> Work task: Going through the entries, how many lines include the string "else"? Answer only with the number.

> Source records:

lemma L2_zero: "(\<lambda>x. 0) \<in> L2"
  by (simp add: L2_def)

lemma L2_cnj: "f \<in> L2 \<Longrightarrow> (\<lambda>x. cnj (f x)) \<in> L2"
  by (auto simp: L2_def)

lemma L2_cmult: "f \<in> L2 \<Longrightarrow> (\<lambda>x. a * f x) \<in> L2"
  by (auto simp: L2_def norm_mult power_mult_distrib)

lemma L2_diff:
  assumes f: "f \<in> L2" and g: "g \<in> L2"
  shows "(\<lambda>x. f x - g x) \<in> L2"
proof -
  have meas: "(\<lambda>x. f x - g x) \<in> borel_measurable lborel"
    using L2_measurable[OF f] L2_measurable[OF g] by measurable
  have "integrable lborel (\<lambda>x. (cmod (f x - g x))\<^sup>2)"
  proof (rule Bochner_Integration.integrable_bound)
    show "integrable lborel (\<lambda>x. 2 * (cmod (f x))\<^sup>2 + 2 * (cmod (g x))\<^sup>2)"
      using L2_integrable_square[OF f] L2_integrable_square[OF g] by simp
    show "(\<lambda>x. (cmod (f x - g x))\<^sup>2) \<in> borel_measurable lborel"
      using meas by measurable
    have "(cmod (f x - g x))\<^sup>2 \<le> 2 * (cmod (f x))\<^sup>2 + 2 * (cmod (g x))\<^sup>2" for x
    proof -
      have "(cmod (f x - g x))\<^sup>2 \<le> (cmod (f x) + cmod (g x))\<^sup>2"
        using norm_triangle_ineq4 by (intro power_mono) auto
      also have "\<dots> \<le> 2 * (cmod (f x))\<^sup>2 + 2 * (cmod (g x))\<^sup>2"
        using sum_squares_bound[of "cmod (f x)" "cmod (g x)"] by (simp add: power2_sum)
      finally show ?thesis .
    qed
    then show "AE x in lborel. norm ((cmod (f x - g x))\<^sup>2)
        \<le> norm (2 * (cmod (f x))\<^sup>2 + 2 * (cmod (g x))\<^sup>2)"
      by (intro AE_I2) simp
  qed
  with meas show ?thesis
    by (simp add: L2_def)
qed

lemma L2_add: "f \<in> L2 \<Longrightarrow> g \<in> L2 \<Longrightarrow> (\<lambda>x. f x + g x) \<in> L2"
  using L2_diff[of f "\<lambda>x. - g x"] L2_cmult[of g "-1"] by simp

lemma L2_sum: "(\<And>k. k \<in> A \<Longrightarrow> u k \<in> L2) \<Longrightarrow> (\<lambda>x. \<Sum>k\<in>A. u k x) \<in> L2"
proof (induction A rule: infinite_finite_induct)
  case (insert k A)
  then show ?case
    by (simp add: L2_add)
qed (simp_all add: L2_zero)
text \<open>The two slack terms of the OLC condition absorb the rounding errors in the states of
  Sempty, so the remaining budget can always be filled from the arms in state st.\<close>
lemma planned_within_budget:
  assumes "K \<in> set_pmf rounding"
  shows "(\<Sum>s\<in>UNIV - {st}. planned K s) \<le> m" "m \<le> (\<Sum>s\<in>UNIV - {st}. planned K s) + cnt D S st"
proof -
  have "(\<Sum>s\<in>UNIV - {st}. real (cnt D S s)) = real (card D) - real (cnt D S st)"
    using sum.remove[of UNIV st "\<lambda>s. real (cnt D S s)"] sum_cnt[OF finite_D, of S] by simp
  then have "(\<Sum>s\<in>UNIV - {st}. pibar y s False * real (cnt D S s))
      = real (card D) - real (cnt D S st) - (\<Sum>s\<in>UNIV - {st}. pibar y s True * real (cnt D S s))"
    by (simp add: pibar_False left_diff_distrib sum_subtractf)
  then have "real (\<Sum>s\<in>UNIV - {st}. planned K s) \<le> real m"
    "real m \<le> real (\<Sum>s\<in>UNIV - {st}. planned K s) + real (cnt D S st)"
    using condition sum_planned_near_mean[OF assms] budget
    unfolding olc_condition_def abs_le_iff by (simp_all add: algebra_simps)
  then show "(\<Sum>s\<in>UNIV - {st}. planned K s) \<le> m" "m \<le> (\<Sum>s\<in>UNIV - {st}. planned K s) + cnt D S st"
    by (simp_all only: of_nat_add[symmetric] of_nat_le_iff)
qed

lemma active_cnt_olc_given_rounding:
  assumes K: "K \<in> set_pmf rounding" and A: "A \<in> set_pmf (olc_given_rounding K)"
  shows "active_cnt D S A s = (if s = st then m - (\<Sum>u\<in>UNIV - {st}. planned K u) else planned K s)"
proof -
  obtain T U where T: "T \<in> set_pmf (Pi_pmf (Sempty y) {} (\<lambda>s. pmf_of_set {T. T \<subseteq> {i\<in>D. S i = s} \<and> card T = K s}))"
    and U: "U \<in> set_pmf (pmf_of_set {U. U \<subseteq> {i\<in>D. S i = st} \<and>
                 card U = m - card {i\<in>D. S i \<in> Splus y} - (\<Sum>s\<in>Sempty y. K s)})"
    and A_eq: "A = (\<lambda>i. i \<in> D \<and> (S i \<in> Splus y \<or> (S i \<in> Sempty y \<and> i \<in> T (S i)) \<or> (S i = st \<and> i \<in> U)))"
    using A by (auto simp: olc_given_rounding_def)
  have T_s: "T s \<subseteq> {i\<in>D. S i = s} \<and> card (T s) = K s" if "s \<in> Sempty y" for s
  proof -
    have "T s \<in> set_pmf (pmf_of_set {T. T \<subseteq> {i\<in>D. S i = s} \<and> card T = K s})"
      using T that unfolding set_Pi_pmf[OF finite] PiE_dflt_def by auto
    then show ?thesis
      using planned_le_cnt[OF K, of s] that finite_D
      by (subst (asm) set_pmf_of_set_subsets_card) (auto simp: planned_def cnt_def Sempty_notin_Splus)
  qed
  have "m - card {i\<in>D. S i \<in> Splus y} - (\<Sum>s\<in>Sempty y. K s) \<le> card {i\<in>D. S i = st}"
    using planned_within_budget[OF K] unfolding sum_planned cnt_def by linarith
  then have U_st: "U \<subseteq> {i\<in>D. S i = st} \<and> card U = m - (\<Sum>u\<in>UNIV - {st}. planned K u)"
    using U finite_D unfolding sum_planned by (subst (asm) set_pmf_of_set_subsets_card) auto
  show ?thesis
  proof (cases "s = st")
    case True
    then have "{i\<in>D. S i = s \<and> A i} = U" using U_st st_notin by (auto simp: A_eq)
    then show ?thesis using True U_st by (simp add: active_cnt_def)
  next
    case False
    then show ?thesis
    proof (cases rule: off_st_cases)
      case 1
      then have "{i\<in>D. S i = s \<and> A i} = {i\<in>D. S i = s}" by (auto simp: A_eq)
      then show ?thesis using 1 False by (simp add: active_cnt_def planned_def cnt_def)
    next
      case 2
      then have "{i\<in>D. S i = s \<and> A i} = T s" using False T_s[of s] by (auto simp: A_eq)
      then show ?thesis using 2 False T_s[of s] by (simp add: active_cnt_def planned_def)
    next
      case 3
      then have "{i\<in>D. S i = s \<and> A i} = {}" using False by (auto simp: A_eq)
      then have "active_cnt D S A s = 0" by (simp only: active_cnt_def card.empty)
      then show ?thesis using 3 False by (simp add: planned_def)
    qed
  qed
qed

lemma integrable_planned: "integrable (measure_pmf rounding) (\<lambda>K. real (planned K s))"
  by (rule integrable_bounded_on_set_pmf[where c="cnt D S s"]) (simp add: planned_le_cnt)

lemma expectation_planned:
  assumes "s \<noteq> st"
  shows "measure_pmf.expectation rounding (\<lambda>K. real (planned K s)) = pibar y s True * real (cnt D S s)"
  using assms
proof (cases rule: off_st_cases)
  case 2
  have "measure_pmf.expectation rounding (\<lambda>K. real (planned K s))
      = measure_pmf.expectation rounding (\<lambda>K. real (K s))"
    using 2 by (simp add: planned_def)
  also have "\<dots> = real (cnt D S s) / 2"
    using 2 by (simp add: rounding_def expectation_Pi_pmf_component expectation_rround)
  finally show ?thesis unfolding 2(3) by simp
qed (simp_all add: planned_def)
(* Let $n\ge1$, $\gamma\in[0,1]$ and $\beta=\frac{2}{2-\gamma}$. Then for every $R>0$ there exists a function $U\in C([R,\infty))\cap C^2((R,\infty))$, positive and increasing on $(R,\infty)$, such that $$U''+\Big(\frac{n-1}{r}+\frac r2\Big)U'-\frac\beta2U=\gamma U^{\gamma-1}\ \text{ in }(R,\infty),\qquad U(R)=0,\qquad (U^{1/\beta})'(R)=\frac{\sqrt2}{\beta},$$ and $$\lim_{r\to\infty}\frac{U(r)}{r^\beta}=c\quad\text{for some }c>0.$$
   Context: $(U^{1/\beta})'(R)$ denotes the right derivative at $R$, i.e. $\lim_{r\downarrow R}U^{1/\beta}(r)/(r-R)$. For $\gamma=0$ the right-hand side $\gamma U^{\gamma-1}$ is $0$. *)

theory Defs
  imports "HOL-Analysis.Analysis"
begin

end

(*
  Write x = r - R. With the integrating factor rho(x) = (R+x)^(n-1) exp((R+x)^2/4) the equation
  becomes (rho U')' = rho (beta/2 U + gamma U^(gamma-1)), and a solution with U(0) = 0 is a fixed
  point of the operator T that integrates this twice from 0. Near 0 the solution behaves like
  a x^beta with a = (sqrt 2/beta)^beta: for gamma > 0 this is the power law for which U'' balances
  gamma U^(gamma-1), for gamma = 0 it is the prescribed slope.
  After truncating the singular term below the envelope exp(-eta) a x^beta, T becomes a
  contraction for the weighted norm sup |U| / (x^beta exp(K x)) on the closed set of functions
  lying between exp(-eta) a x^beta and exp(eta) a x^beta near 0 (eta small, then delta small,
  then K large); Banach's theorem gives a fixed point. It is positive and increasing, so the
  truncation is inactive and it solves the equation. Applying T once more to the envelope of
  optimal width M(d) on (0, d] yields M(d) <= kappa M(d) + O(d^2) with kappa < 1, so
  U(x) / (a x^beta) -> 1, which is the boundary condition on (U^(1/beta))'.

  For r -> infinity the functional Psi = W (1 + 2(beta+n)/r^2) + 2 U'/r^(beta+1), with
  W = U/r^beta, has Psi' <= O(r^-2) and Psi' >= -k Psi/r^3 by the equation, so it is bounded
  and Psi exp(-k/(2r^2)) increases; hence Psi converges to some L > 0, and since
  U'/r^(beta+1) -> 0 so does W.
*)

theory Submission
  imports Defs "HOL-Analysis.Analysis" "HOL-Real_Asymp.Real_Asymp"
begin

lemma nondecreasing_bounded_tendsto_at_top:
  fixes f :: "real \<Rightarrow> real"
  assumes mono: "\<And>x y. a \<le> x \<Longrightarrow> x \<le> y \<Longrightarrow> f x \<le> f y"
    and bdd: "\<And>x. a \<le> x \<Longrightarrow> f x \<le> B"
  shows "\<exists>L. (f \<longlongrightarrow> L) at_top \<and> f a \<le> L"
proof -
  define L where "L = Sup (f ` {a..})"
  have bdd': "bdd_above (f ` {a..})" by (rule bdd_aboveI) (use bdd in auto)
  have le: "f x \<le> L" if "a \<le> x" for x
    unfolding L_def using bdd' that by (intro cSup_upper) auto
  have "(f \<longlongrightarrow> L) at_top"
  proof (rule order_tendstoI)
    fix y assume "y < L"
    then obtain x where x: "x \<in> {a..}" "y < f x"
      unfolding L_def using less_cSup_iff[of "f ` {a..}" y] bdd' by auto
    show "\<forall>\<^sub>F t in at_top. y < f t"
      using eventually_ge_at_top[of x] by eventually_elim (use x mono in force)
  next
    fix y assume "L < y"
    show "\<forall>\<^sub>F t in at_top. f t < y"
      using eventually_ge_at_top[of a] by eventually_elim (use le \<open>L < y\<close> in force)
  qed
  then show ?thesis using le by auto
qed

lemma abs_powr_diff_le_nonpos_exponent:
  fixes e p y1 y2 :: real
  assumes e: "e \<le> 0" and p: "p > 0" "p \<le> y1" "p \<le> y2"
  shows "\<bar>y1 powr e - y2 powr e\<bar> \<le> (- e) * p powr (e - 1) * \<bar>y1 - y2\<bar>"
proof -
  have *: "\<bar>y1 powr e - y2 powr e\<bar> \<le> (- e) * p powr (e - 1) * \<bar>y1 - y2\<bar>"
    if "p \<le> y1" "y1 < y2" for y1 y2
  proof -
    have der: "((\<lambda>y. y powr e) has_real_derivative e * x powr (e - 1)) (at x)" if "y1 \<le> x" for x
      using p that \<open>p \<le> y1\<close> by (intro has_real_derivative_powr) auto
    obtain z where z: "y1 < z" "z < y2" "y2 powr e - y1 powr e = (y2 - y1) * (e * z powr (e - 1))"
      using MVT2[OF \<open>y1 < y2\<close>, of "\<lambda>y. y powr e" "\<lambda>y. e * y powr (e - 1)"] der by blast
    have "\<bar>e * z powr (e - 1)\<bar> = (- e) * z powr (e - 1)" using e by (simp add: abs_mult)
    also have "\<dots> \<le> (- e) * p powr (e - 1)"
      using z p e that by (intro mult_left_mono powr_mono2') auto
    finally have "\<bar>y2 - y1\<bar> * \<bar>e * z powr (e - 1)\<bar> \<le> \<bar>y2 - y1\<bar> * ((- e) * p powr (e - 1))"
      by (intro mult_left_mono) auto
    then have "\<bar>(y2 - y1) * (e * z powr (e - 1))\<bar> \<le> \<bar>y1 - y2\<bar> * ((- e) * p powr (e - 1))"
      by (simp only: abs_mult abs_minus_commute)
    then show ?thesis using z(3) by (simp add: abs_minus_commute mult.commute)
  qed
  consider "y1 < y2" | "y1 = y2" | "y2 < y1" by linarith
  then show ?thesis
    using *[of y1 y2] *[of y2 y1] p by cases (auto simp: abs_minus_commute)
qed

--

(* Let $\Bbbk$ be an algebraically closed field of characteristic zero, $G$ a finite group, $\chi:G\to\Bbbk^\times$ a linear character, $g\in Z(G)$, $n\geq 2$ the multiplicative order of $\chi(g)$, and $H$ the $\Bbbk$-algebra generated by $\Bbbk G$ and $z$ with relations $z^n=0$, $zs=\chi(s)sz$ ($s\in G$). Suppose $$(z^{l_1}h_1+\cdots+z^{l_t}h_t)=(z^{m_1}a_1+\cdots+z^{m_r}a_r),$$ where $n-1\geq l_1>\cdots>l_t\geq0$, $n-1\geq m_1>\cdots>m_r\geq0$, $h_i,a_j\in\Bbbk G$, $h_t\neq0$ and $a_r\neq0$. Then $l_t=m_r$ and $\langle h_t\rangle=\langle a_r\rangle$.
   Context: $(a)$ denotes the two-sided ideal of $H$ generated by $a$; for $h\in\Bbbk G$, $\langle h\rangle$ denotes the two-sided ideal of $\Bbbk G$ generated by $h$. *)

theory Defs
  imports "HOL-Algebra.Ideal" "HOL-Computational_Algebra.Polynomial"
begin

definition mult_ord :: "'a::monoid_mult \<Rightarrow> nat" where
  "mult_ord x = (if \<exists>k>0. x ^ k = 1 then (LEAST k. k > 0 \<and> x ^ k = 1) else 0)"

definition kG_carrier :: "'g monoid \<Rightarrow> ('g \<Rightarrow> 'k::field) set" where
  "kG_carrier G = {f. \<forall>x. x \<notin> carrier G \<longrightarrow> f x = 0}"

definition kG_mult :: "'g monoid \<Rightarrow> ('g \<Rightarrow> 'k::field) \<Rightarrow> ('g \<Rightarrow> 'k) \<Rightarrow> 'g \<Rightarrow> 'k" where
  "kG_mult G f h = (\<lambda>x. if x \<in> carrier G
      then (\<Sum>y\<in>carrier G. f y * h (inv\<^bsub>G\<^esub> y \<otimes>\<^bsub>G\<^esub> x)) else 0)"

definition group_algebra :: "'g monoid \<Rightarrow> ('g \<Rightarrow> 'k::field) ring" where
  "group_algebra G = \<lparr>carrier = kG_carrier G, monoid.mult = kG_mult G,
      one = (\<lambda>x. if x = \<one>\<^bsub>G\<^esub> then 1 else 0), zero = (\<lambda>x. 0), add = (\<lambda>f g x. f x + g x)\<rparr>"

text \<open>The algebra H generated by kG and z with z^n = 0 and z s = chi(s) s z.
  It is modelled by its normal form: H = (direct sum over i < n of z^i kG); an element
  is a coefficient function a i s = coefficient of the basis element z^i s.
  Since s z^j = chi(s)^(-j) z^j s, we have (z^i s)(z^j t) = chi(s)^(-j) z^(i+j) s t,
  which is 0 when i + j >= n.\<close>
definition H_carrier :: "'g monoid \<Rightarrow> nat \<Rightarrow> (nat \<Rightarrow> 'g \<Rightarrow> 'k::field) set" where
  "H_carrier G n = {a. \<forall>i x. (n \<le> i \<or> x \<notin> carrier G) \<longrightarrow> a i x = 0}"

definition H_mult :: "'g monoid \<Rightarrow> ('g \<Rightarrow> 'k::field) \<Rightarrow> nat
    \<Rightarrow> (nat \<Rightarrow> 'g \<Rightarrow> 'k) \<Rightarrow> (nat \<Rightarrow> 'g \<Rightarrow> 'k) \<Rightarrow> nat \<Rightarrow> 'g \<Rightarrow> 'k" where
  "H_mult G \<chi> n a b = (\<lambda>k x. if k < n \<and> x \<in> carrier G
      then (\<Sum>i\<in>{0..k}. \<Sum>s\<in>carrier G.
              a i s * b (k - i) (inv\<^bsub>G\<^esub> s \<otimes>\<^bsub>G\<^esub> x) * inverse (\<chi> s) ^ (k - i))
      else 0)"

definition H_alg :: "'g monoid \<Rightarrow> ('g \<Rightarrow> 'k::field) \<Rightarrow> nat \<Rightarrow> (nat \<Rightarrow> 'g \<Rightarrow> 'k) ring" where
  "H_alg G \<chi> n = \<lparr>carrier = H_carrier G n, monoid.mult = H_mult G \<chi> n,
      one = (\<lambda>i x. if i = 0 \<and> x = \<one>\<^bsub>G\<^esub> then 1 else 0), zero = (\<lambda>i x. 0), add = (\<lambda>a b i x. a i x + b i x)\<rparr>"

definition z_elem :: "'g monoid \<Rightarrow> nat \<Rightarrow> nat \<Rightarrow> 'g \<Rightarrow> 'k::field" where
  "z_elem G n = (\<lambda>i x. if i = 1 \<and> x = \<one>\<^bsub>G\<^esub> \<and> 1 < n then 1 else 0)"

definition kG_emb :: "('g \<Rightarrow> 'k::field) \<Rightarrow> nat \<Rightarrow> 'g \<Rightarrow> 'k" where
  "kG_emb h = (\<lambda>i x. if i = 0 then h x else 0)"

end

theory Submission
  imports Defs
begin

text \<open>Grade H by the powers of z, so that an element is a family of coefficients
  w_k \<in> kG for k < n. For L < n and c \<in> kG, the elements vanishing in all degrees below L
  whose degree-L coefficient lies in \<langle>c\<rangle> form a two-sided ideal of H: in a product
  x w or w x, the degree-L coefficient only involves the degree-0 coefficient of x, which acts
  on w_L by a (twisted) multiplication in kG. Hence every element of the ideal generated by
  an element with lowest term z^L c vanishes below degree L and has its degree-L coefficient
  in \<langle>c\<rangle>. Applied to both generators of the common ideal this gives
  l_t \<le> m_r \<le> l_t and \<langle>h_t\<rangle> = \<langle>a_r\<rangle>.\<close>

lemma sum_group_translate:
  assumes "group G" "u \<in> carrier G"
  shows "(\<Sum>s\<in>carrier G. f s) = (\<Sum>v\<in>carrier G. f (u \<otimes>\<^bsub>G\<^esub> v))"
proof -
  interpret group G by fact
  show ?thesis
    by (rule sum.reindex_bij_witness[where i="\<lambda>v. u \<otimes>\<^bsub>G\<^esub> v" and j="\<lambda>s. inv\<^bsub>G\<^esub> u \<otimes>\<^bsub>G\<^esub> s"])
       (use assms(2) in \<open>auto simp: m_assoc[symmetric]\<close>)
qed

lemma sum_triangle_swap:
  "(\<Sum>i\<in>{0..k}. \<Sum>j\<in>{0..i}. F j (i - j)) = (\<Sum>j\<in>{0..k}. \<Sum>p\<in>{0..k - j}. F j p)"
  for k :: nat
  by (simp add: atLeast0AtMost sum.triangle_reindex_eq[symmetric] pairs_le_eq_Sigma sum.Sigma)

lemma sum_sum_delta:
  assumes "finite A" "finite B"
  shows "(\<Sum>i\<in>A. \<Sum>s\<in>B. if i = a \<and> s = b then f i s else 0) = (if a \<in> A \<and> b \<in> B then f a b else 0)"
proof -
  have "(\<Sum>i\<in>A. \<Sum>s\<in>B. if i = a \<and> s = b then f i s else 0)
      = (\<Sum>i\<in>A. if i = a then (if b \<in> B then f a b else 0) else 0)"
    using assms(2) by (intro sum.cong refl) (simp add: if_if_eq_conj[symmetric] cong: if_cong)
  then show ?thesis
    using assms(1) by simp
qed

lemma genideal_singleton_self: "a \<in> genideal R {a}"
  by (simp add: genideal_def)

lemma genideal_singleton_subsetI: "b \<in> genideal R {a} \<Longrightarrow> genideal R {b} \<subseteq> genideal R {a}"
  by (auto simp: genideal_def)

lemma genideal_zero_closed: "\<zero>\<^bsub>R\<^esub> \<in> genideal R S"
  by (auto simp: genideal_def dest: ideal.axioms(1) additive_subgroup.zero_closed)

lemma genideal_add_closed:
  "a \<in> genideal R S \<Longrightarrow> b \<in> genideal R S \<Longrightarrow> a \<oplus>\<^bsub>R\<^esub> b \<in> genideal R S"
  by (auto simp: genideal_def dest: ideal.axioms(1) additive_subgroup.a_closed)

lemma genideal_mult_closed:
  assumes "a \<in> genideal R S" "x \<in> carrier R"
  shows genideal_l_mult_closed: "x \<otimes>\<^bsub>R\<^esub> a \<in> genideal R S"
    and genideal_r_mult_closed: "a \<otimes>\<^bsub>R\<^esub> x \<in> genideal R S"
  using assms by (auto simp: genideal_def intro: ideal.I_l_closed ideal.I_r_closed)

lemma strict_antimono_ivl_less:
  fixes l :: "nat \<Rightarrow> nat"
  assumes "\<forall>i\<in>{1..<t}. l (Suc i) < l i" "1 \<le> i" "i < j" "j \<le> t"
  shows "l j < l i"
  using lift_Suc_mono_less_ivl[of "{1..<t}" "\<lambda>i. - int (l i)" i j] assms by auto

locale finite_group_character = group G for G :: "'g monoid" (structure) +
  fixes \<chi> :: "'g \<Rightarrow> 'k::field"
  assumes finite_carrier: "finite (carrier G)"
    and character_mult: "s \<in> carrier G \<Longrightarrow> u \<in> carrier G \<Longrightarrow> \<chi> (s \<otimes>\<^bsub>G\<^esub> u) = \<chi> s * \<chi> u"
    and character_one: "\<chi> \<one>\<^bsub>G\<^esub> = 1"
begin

> Result of this exercise: 11